_Data for this task_
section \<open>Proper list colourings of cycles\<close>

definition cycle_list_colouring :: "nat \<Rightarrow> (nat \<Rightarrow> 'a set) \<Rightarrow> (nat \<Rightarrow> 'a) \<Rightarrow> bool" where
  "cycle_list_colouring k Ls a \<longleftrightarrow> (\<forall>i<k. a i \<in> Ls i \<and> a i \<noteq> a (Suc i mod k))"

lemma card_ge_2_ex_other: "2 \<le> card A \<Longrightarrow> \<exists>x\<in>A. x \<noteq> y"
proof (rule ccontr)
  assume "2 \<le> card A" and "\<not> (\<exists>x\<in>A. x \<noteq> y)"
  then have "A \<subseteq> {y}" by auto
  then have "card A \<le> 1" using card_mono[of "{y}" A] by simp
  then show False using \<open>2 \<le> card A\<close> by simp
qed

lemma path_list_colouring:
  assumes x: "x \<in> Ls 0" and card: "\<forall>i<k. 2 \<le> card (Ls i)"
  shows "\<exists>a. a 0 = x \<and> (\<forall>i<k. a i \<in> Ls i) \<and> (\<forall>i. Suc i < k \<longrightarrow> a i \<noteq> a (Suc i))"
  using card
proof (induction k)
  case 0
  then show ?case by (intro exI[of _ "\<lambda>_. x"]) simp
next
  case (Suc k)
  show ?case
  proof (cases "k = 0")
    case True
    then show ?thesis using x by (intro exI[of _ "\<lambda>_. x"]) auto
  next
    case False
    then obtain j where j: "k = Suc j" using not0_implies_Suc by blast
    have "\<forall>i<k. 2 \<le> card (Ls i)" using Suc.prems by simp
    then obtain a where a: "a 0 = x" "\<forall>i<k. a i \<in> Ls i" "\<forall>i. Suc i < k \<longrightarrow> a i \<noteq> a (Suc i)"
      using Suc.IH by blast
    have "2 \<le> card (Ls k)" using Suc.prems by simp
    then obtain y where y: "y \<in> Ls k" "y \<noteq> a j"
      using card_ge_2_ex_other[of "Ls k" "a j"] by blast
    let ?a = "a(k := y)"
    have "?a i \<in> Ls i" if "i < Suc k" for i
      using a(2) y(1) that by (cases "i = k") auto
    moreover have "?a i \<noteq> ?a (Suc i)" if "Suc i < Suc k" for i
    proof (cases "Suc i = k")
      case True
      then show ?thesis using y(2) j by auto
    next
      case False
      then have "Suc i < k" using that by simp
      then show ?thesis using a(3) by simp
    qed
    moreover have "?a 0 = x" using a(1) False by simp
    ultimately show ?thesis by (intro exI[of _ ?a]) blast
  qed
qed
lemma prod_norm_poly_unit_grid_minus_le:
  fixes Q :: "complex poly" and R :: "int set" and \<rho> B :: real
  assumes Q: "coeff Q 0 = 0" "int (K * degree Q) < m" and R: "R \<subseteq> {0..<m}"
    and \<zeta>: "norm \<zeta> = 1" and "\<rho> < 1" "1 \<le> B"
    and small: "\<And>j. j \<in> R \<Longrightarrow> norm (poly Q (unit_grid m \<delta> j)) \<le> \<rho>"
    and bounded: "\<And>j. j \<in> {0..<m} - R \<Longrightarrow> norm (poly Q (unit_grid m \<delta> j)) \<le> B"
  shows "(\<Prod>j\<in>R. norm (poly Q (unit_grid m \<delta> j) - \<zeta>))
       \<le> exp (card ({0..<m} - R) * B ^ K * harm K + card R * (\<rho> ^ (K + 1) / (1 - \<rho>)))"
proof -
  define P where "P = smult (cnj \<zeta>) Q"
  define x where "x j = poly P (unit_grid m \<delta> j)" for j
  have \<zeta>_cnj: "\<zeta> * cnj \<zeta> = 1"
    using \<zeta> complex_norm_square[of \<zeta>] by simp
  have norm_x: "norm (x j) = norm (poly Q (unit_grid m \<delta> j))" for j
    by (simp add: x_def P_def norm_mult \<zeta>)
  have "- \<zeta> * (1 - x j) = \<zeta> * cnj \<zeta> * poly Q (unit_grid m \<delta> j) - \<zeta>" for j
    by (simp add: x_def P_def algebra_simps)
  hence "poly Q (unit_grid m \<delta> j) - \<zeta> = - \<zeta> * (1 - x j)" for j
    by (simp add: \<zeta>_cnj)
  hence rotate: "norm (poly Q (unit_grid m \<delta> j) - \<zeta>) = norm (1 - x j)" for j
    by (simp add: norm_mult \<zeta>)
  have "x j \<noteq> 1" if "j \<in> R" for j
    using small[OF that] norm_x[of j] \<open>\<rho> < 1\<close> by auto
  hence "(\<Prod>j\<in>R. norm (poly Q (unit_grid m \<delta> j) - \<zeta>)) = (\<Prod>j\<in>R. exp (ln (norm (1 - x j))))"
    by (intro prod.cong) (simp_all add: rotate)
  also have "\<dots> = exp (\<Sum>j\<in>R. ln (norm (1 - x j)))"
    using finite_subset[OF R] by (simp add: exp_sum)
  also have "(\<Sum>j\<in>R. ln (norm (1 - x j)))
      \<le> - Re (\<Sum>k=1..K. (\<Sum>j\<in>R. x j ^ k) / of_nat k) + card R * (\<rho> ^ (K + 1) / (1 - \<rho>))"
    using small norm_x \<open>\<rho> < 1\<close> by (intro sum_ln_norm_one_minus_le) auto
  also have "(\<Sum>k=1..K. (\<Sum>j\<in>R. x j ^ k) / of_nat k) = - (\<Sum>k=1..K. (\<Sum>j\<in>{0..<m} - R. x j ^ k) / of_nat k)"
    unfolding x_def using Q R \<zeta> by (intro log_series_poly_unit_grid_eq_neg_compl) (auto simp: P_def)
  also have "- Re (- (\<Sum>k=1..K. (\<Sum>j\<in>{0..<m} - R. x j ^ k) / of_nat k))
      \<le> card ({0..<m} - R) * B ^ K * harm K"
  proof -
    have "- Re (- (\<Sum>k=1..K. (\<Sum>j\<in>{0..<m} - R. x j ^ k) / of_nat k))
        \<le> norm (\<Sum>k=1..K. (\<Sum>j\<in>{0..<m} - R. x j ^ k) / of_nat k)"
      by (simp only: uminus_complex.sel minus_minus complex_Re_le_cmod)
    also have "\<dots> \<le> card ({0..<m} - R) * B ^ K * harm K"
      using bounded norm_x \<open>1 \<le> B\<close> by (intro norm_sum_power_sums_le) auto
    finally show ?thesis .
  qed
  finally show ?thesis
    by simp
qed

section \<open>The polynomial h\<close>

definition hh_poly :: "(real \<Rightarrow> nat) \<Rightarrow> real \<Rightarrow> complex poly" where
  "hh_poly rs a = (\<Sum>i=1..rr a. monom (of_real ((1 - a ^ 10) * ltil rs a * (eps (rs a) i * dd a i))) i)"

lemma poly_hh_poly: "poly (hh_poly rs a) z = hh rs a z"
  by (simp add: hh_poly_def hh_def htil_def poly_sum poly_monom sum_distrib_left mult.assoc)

_Work instruction_
Output exactly the lines from the one with "by (simp add: x_def P_def norm_mult" through the final line of the listing above.

_Task output_
    by (simp add: x_def P_def norm_mult \<zeta>)
  have "- \<zeta> * (1 - x j) = \<zeta> * cnj \<zeta> * poly Q (unit_grid m \<delta> j) - \<zeta>" for j
    by (simp add: x_def P_def algebra_simps)
  hence "poly Q (unit_grid m \<delta> j) - \<zeta> = - \<zeta> * (1 - x j)" for j
    by (simp add: \<zeta>_cnj)
  hence rotate: "norm (poly Q (unit_grid m \<delta> j) - \<zeta>) = norm (1 - x j)" for j
    by (simp add: norm_mult \<zeta>)
  have "x j \<noteq> 1" if "j \<in> R" for j
    using small[OF that] norm_x[of j] \<open>\<rho> < 1\<close> by auto
  hence "(\<Prod>j\<in>R. norm (poly Q (unit_grid m \<delta> j) - \<zeta>)) = (\<Prod>j\<in>R. exp (ln (norm (1 - x j))))"
    by (intro prod.cong) (simp_all add: rotate)
  also have "\<dots> = exp (\<Sum>j\<in>R. ln (norm (1 - x j)))"
    using finite_subset[OF R] by (simp add: exp_sum)
  also have "(\<Sum>j\<in>R. ln (norm (1 - x j)))
      \<le> - Re (\<Sum>k=1..K. (\<Sum>j\<in>R. x j ^ k) / of_nat k) + card R * (\<rho> ^ (K + 1) / (1 - \<rho>))"
    using small norm_x \<open>\<rho> < 1\<close> by (intro sum_ln_norm_one_minus_le) auto
  also have "(\<Sum>k=1..K. (\<Sum>j\<in>R. x j ^ k) / of_nat k) = - (\<Sum>k=1..K. (\<Sum>j\<in>{0..<m} - R. x j ^ k) / of_nat k)"
    unfolding x_def using Q R \<zeta> by (intro log_series_poly_unit_grid_eq_neg_compl) (auto simp: P_def)
  also have "- Re (- (\<Sum>k=1..K. (\<Sum>j\<in>{0..<m} - R. x j ^ k) / of_nat k))
      \<le> card ({0..<m} - R) * B ^ K * harm K"
  proof -
    have "- Re (- (\<Sum>k=1..K. (\<Sum>j\<in>{0..<m} - R. x j ^ k) / of_nat k))
        \<le> norm (\<Sum>k=1..K. (\<Sum>j\<in>{0..<m} - R. x j ^ k) / of_nat k)"
      by (simp only: uminus_complex.sel minus_minus complex_Re_le_cmod)
    also have "\<dots> \<le> card ({0..<m} - R) * B ^ K * harm K"
      using bounded norm_x \<open>1 \<le> B\<close> by (intro norm_sum_power_sums_le) auto
    finally show ?thesis .
  qed
  finally show ?thesis
    by simp
qed

section \<open>The polynomial h\<close>

definition hh_poly :: "(real \<Rightarrow> nat) \<Rightarrow> real \<Rightarrow> complex poly" where
  "hh_poly rs a = (\<Sum>i=1..rr a. monom (of_real ((1 - a ^ 10) * ltil rs a * (eps (rs a) i * dd a i))) i)"

lemma poly_hh_poly: "poly (hh_poly rs a) z = hh rs a z"
  by (simp add: hh_poly_def hh_def htil_def poly_sum poly_monom sum_distrib_left mult.assoc)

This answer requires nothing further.